In this paper, we have analyzed two SNP polymorphisms in the DMT1 gene. This gene has two alternative promoters and two alternative polyadenylation sites. Four main isoforms of DMT1 have been identified. Depending on the choice of polyadenylation site, the transcript may include the iron response element (IRE) in the 3’UTR region [49, 50]. The differences between isoforms determine mainly the tissue-specific expression pattern of the final protein [51]. DMT1 plays a role in iron absorption from the intestine and its endosomal transport in the cell, being responsible for cellular distribution of this metal [52, 53]. DMT1 also plays an important role in cation balance in the nervous system [52, 53]. There are reports concerning imbalance of iron in the organism as a consequence of mutations in the DMT1 gene [54, 55]. It has also been postulated that DMT1 plays a role in the process of neurodegeneration [56]. The IVS4+44C>A polymorphism is located in the intron 4 of the DMT1 gene. A nucleotide change inside the intron may affect significantly either constitutive splicing or alternative splicing by the corruption of splicing regulatory cis-elements, giving incorrect isoforms of the protein [57, 58]. This polymorphism has been reported not to be associated with inflammatory bowel disease [59] and hereditary haemochromatosis [60], but its association with Parkinson’s disease has been shown [35]. We did not find any report on the functional significance of the other polymorphism, c.2044T>C.

Our genotype-independent analysis of potential AMD risk factors showed an association with age and a strong association with familial AMD. Therefore, positive AMD familial history may increase the risk of the occurrence of the disease among remaining family members. On the other hand, we found no association of AMD with smoking status, sex, BMI, and place of living. In particular, the lack of association of AMD with sex and smoking is somehow surprising, because several groups have shown a significant association between tobacco smoking and AMD [61]. Furthermore, female sex was reported as an AMD risk factor in several populations [4]. We do not have information on the general association between AMD occurrence and gender in Poland, so we can conclude that the dependence of the AMD risk on sex may be population-specific, or that our studies lacked power to detect this dependence, and further investigations in the Polish population are needed to clarify this point.

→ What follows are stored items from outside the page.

lemma card_no_three_in_a_row_words_Suc_Suc_Suc:
  assumes "finite A"
  shows "card (no_three_in_a_row_words A (Suc (Suc (Suc n)))) =
           (card A - 1) * (card (no_three_in_a_row_words A (Suc (Suc n))) +
                           card (no_three_in_a_row_words A (Suc n)))"
proof -
  have "inj_on (\<lambda>(ys, a). a # ys) X" "inj_on (\<lambda>(ys, a). a # a # ys) X" for X :: "('a list \<times> 'a) set"
    by (auto simp: inj_on_def)
  moreover have "(\<lambda>(ys, a). a # ys) ` (SIGMA ys : no_three_in_a_row_words A (Suc (Suc n)). A - {hd ys}) \<inter>
      (\<lambda>(ys, a). a # a # ys) ` (SIGMA ys : no_three_in_a_row_words A (Suc n). A - {hd ys}) = {}"
    by (auto simp: no_three_in_a_row_words_def length_Suc_conv)
  ultimately show ?thesis
    using assms unfolding no_three_in_a_row_words_Suc_Suc_Suc
    by (simp add: card_Un_disjoint card_image card_Sigma_Diff_hd finite_no_three_in_a_row_words
        add_mult_distrib2 del: card_SigmaI)
qed

text \<open>For m = 1 this is the Fibonacci sequence: fib_poly 1 n = F(n + 2).\<close>

fun fib_poly :: "'a::comm_semiring_1 \<Rightarrow> nat \<Rightarrow> 'a" where
  "fib_poly m 0 = 1"
| "fib_poly m (Suc 0) = 1 + m"
| "fib_poly m (Suc (Suc n)) = m * (fib_poly m (Suc n) + fib_poly m n)"

lemma fib_poly_eq_binomial_sum:
  "fib_poly m n = (\<Sum>i\<le>n. of_nat (Suc i choose (n - i)) * m ^ i)"
proof (induction m n rule: fib_poly.induct)
  case (3 m n)
  let ?S = "\<lambda>n. \<Sum>i\<le>n. of_nat (Suc i choose (n - i)) * m ^ i"
  let ?T = "\<Sum>i\<le>n. of_nat (Suc i choose Suc (n - i)) * m ^ i"
  have "?S (Suc (Suc n)) = (\<Sum>i\<le>Suc n. of_nat (Suc (Suc i) choose (Suc n - i)) * m ^ Suc i)"
    by (subst sum.atMost_Suc_shift) simp
  also have "\<dots> = (\<Sum>i\<le>n. of_nat (Suc (Suc i) choose Suc (n - i)) * m ^ Suc i) + m ^ Suc (Suc n)"
    by (simp add: Suc_diff_le)
  also have "\<dots> = m * ?S n + m * ?T + m ^ Suc (Suc n)"
    by (simp add: sum.distrib sum_distrib_left algebra_simps)
  finally have "?S (Suc (Suc n)) = m * ?S n + m * ?T + m ^ Suc (Suc n)" .
  moreover have "?S (Suc n) = ?T + m ^ Suc n"
    by (simp add: Suc_diff_le)
  ultimately show ?case using "3" by (simp add: algebra_simps)
qed simp_all
text \<open>Nonadaptive sampling algorithm: nu t w a j is the conditional probability
of pulling arm j at time t+1 given W = w and past arms a 0, ..., a (t-1);
it does not depend on the observed arm values.\<close>
definition nonadaptive_alg :: "nat \<Rightarrow> (nat \<Rightarrow> real \<Rightarrow> (nat \<Rightarrow> nat) \<Rightarrow> nat \<Rightarrow> real) \<Rightarrow> bool" where
  "nonadaptive_alg K nu \<longleftrightarrow>
     (\<forall>t w a j. 0 \<le> nu t w a j) \<and>
     (\<forall>t w a j. j \<notin> {1..K} \<longrightarrow> nu t w a j = 0) \<and>
     (\<forall>t w a. (\<Sum>j\<in>{1..K}. nu t w a j) = 1) \<and>
     (\<forall>t w a a'. (\<forall>i<t. a i = a' i) \<longrightarrow> nu t w a = nu t w a') \<and>
     (\<forall>t j. (\<lambda>\<omega>. nu t (Wof \<omega>) (Aof \<omega>) j) \<in> borel_measurable trajM)"

text \<open>Q is the distribution of (W, A, Y) induced by the arm distributions P and
the sampling algorithm nu (for some distribution of W): A_{t+1} is drawn from
nu given D_t, and Y_{t+1} is an independent draw from P_{A_{t+1}}.\<close>
definition bandit_law :: "nat \<Rightarrow> (nat \<Rightarrow> real measure) \<Rightarrow>
    (nat \<Rightarrow> real \<Rightarrow> (nat \<Rightarrow> nat) \<Rightarrow> nat \<Rightarrow> real) \<Rightarrow> traj measure \<Rightarrow> bool" where
  "bandit_law K P nu Q \<longleftrightarrow> prob_space Q \<and> sets Q = sets trajM \<and>
     (\<forall>t B j. data_event t B \<longrightarrow>
        emeasure Q (B \<inter> {\<omega>. Aof \<omega> t = j}) =
          (\<integral>\<^sup>+\<omega>\<in>B. ennreal (nu t (Wof \<omega>) (Aof \<omega>) j) \<partial>Q)) \<and>
     (\<forall>t B j C. data_event t B \<longrightarrow> j \<in> {1..K} \<longrightarrow> C \<in> sets borel \<longrightarrow>
        emeasure Q (B \<inter> {\<omega>. Aof \<omega> t = j} \<inter> {\<omega>. Yof \<omega> t \<in> C}) =
          emeasure Q (B \<inter> {\<omega>. Aof \<omega> t = j}) * emeasure (P j) C)"

text \<open>Nonadaptive stopping rule: T \<omega> is the number of observations collected;
it is a stopping time for the data filtration and depends only on W and the arms.\<close>
definition nonadaptive_stop :: "(traj \<Rightarrow> nat) \<Rightarrow> bool" where
  "nonadaptive_stop T \<longleftrightarrow> T \<in> measurable trajM (count_space UNIV) \<and>
     (\<forall>t \<omega> \<omega>'. prefix_eq t \<omega> \<omega>' \<longrightarrow> (T \<omega> = t \<longleftrightarrow> T \<omega>' = t)) \<and>
     (\<forall>\<omega> \<omega>'. Wof \<omega> = Wof \<omega>' \<and> Aof \<omega> = Aof \<omega>' \<longrightarrow> T \<omega> = T \<omega>')"

definition is_estimator :: "(nat \<Rightarrow> traj \<Rightarrow> real) \<Rightarrow> bool" where
  "is_estimator est \<longleftrightarrow> (\<forall>t. est t \<in> borel_measurable trajM) \<and>
     (\<forall>t \<omega> \<omega>'. prefix_eq t \<omega> \<omega>' \<longrightarrow> est t \<omega> = est t \<omega>')"

definition risk :: "nat \<Rightarrow> real \<Rightarrow> (nat \<Rightarrow> traj \<Rightarrow> real) \<Rightarrow> traj measure \<Rightarrow> (traj \<Rightarrow> nat) \<Rightarrow> ennreal" where
  "risk k \<mu> est Q T =
     (\<integral>\<^sup>+\<omega>. ennreal (real (Ncount k (T \<omega>) \<omega>) * (est (T \<omega>) \<omega> - \<mu>)\<^sup>2) \<partial>Q)"

definition admissible :: "nat \<Rightarrow> nat \<Rightarrow> real \<Rightarrow> (nat \<Rightarrow> real measure) \<Rightarrow>
    (real measure \<times> (nat \<Rightarrow> real \<Rightarrow> (nat \<Rightarrow> nat) \<Rightarrow> nat \<Rightarrow> real) \<times> traj measure \<times> (traj \<Rightarrow> nat)) set" where
  "admissible K k \<sigma> P = {(Pk, nu, Q, T). var_class \<sigma> Pk \<and> nonadaptive_alg K nu \<and>
      bandit_law K (P(k := Pk)) nu Q \<and> nonadaptive_stop T \<and>
      (AE \<omega> in Q. 1 \<le> Ncount k (T \<omega>) \<omega>)}"

end

theory Submission
  imports Defs
begin

(*
  Write S_t for the sum of the centred values Y_i - mu over the first t steps at which arm k
  was pulled.  Then N_k(T) (mean_k(T) - mu)^2 = S_T^2 / N_k(T) = sum_t w_t S_t^2 with
  w_t = 1{T = t} / N_k(t).  For nonadaptive sampling and stopping, w_t only depends on W and the
  first t arms, and for every such weight h with values in [0, 1] one has
  E[h S_t^2] = sigma^2 E[h N_k(t)], by induction on t: the arm pulled at time t can be averaged out
  against the data D_t, the new value is independent of D_t with variance sigma^2, and the cross
  term E[1{A_t = k} h S_t (Y_t - mu)] vanishes.  Summing over t shows that the sample mean has
  risk exactly sigma^2 on every instance.

  For the lower bound, pull arm k once and let it take the values c +- sigma with probability 1/2.
  The problems with centres c = 2 m sigma overlap in one support point each, so whatever an
  estimator answers there costs it about sigma^2 in one of the two neighbouring problems; summing
  the risks along the chain m = 1, ..., n + 1 gives at least n sigma^2.
*)

lemma nn_integral_indicator_Int:
  "A \<in> sets M \<Longrightarrow> B \<in> sets M \<Longrightarrow> (\<integral>\<^sup>+x. indicator A x * indicator B x \<partial>M) = emeasure M (A \<inter> B)"
  by (simp add: indicator_inter_arith[symmetric])

lemma nn_integral_ennreal_cmult:
  "0 \<le> c \<Longrightarrow> f \<in> borel_measurable M \<Longrightarrow>
    (\<integral>\<^sup>+x. ennreal (c * f x) \<partial>M) = ennreal c * (\<integral>\<^sup>+x. ennreal (f x) \<partial>M)"
  by (simp add: ennreal_mult' nn_integral_cmult)

lemma nn_integral_eq_if_emeasure_eq_on_subalgebra:
  assumes "subalgebra M F" "subalgebra N F"
    and "\<And>A. A \<in> sets F \<Longrightarrow> emeasure M A = emeasure N A"
    and "f \<in> borel_measurable F"
  shows "(\<integral>\<^sup>+x. f x \<partial>M) = (\<integral>\<^sup>+x. f x \<partial>N)"
proof -
  have "restr_to_subalg M F = restr_to_subalg N F"
    using assms by (intro measure_eqI) (simp_all add: sets_restr_to_subalg emeasure_restr_to_subalg)
  then show ?thesis
    using assms by (metis nn_integral_subalgebra2)
qed

lemma nn_integral_add_cancel_right:
  fixes f g f' g' :: "'a \<Rightarrow> real"
  assumes [measurable]: "f \<in> borel_measurable M" "g \<in> borel_measurable M"
    "f' \<in> borel_measurable M" "g' \<in> borel_measurable M"
    and nonneg: "\<And>x. 0 \<le> f x" "\<And>x. 0 \<le> g x" "\<And>x. 0 \<le> f' x" "\<And>x. 0 \<le> g' x"
    and eq: "\<And>x. f x + g x = f' x + g' x"
    and g_eq: "(\<integral>\<^sup>+x. g x \<partial>M) = (\<integral>\<^sup>+x. g' x \<partial>M)" and g_fin: "(\<integral>\<^sup>+x. g x \<partial>M) \<noteq> \<infinity>"
  shows "(\<integral>\<^sup>+x. f x \<partial>M) = (\<integral>\<^sup>+x. f' x \<partial>M)"
proof -
  have "(\<integral>\<^sup>+x. g x \<partial>M) + (\<integral>\<^sup>+x. f x \<partial>M) = (\<integral>\<^sup>+x. ennreal (f x + g x) \<partial>M)"
    using nonneg by (simp add: nn_integral_add[symmetric] add.commute)
  also have "\<dots> = (\<integral>\<^sup>+x. g x \<partial>M) + (\<integral>\<^sup>+x. f' x \<partial>M)"
    using nonneg by (simp add: eq nn_integral_add g_eq add.commute)
  finally show ?thesis
    using g_fin by (simp add: ennreal_add_left_cancel)
qed

lemma pos_neg_parts_mult_le: "max x 0 * max y 0 + max (- x) 0 * max (- y) 0 \<le> x\<^sup>2 + (y::real)\<^sup>2"
proof -
  have "max x 0 * max y 0 + max (- x) 0 * max (- y) 0 \<le> \<bar>x\<bar> * \<bar>y\<bar>"
    by (cases "0 \<le> x"; cases "0 \<le> y") (simp_all add: max_def mult_le_0_iff)
  also have "\<dots> \<le> 2 * (\<bar>x\<bar> * \<bar>y\<bar>)"
    by simp
  also have "\<dots> \<le> x\<^sup>2 + y\<^sup>2"
    using sum_squares_bound[of "\<bar>x\<bar>" "\<bar>y\<bar>"] by (simp add: mult.assoc)
  finally show ?thesis .
qed

lemma square_add_eq_pos_neg_parts:
  fixes a h g s y :: real
  assumes "a = 0 \<or> a = 1" and "a * h = a * g"
  shows "h * (s + a * y)\<^sup>2 + 2 * (a * g * (max s 0 * max (- y) 0 + max (- s) 0 * max y 0)) =
    (h * s\<^sup>2 + a * g * y\<^sup>2) + 2 * (a * g * (max s 0 * max y 0 + max (- s) 0 * max (- y) 0))"
  using assms by (cases "0 \<le> s"; cases "0 \<le> y") (auto simp: max_def power2_eq_square algebra_simps)

lemma (in sequence_space) comb_seq_vimage_prefix_event:
  assumes B: "B \<in> sets S"
    and prefix: "\<And>y y'. \<forall>i<t. y i = y' i \<Longrightarrow> y \<in> B \<Longrightarrow> y' \<in> space S \<Longrightarrow> y' \<in> B"
  shows "(\<lambda>(y, y'). comb_seq t y y') -` (B \<inter> {y. y t \<in> C}) \<inter> space (S \<Otimes>\<^sub>M S) =
    B \<times> {y' \<in> space S. y' 0 \<in> C}"
proof (intro set_eqI iffI)
  fix x assume x: "x \<in> (\<lambda>(y, y'). comb_seq t y y') -` (B \<inter> {y. y t \<in> C}) \<inter> space (S \<Otimes>\<^sub>M S)"
  obtain y y' where xe: "x = (y, y')" by (cases x)
  have sp: "y \<in> space S" "y' \<in> space S"
    using x xe by (auto simp: space_pair_measure)
  have "comb_seq t y y' \<in> B" "\<forall>i<t. comb_seq t y y' i = y i"
    using x xe by (auto simp: comb_seq_less)
  then have "y \<in> B"
    using prefix sp by blast
  moreover have "y' 0 \<in> C"
    using x xe by (auto simp: comb_seq_def)
  ultimately show "x \<in> B \<times> {y' \<in> space S. y' 0 \<in> C}"
    using xe sp by auto
next
  fix x assume x: "x \<in> B \<times> {y' \<in> space S. y' 0 \<in> C}"
  obtain y y' where xe: "x = (y, y')" by (cases x)
  have sp: "y \<in> space S" "y' \<in> space S"
    using x xe sets.sets_into_space[OF B] by auto
  have "comb_seq t y y' \<in> space S"
    using sp by (auto simp: space_PiM comb_seq_def PiE_def Pi_def extensional_def)
  moreover have "\<forall>i<t. y i = comb_seq t y y' i"
    by (simp add: comb_seq_less)
  ultimately have "comb_seq t y y' \<in> B"
    using prefix x xe by blast
  moreover have "comb_seq t y y' t \<in> C"
    using x xe by (auto simp: comb_seq_def)
  ultimately show "x \<in> (\<lambda>(y, y'). comb_seq t y y') -` (B \<inter> {y. y t \<in> C}) \<inter> space (S \<Otimes>\<^sub>M S)"
    using xe sp by (auto simp: space_pair_measure)
qed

Tobacco smoking is well-confirmed as a modulator of AMD risk, although some groups have reported no association between smoking and AMD, or only a limited, borderline association [6265]. Again, the dependence between smoking and AMD may be population-specific and influenced by passive smoking, which should not be ignored [66]. Stratification of patients depending on age, sex, BMI, living environment and tobacco smoking status revealed no correlation between these factors, AMD, and the genotypes of the c.2044T>C polymorphism. However, in the group of rural inhabitants, the polymorphism IVS4+44C>A was significantly correlated with AMD risk. The C variant seemed to increase the AMD risk if it occurred among rural inhabitants, while the A variant had a protective role. Similarly, the C variant strongly positively increased AMD risk among males, and the A variant decreased the risk in this group. This is particularly interesting, since in a number of researches in other populations, females were at higher risk of AMD [4]. No significant influence of a tobacco smoking habit is also worth emphasizing, as tobacco smoking is thought to be a major risk factor in AMD. Our result showed that the IVS4+44C>A polymorphism in DMT1 gene may be considered as a potential environment-dependent risk marker for AMD.